As for Grace, we discovered intelligent life on a nearby planet several decades ago and sent only one descent scientist?! :confused:

That doesn't make sense on any level. We'd have sent about ten-thousand scientists.

It evolved. Hero's journey; white guy whose scales drop from his eyes so he can support natives and bang one too. Changing motives aren't the same thing as an absence of motives.

It's the "mighty whitey" trope, which is a large part of the problem.

The core of my disappointment is that the movie had incredible visuals, and monster box-office, but doesn't present a coherent fictional universe that you can build on. In terms of production values (script aside) Avatar was infinitely better than Stargate, but Stargate easily gave us SG-1, SGA, and SGU because the universe had depth and legs.

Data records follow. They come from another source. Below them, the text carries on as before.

lemma meet_cond:
  assumes x: "x \<in> A" and a: "a \<in> A" and b: "b \<in> A"
  shows "x \<sqinter> cond x a b = x \<sqinter> a"
proof -
  let ?u = "compl (x \<sqinter> a) \<sqinter> compl (compl x \<sqinter> b)"
  have u: "?u \<in> A" using x a b by (simp add: meet_closed compl_closed)
  have x_b: "x \<sqinter> compl (compl x \<sqinter> b) = x"
    using x b by (simp add: compl_meet compl_compl meet_join_absorb compl_closed)
  have "x \<sqinter> ?u = compl (x \<sqinter> a) \<sqinter> (x \<sqinter> compl (compl x \<sqinter> b))"
    using x a b by (simp add: meet_left_commute meet_closed compl_closed)
  also have "\<dots> = x \<sqinter> compl a"
    using x a x_b meet_compl_meet[OF x a] by (simp add: meet_comm meet_closed compl_closed)
  finally have "x \<sqinter> ?u = x \<sqinter> compl a" .
  then have "x \<sqinter> compl (x \<sqinter> ?u) = x \<sqinter> a"
    using meet_compl_meet[OF x] a by (simp add: compl_compl compl_closed)
  then show ?thesis
    using meet_compl_meet[OF x u] by (simp add: cond_def join_def)
qed

lemma cond_compl: "x \<in> A \<Longrightarrow> a \<in> A \<Longrightarrow> b \<in> A \<Longrightarrow> cond (compl x) b a = cond x a b"
  by (simp add: cond_def compl_compl join_comm meet_closed compl_closed)

lemma compl_meet_cond: "x \<in> A \<Longrightarrow> a \<in> A \<Longrightarrow> b \<in> A \<Longrightarrow> compl x \<sqinter> cond x a b = compl x \<sqinter> b"
  by (metis cond_compl meet_cond compl_closed)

Avatar was better than Trek and certainly better than the Star Wars prequels, but because of the script, how would you continue with it? Would Earth keep shipping in people who rebel? Why wouldn't human civilians get pretty pissed off about the way the corporation is acting? Scully's actions have certainly put an end to the Avatar program, so how could a writer follow up with more Avatars? Pursued to the end, how can it generate a storyline that isn't just more conflict where humans are the bad guys?

With just a little more care these elements could've been easily rectified. As it is, it's hard to move from the eye-candy to a deeper level without ignoring major holes.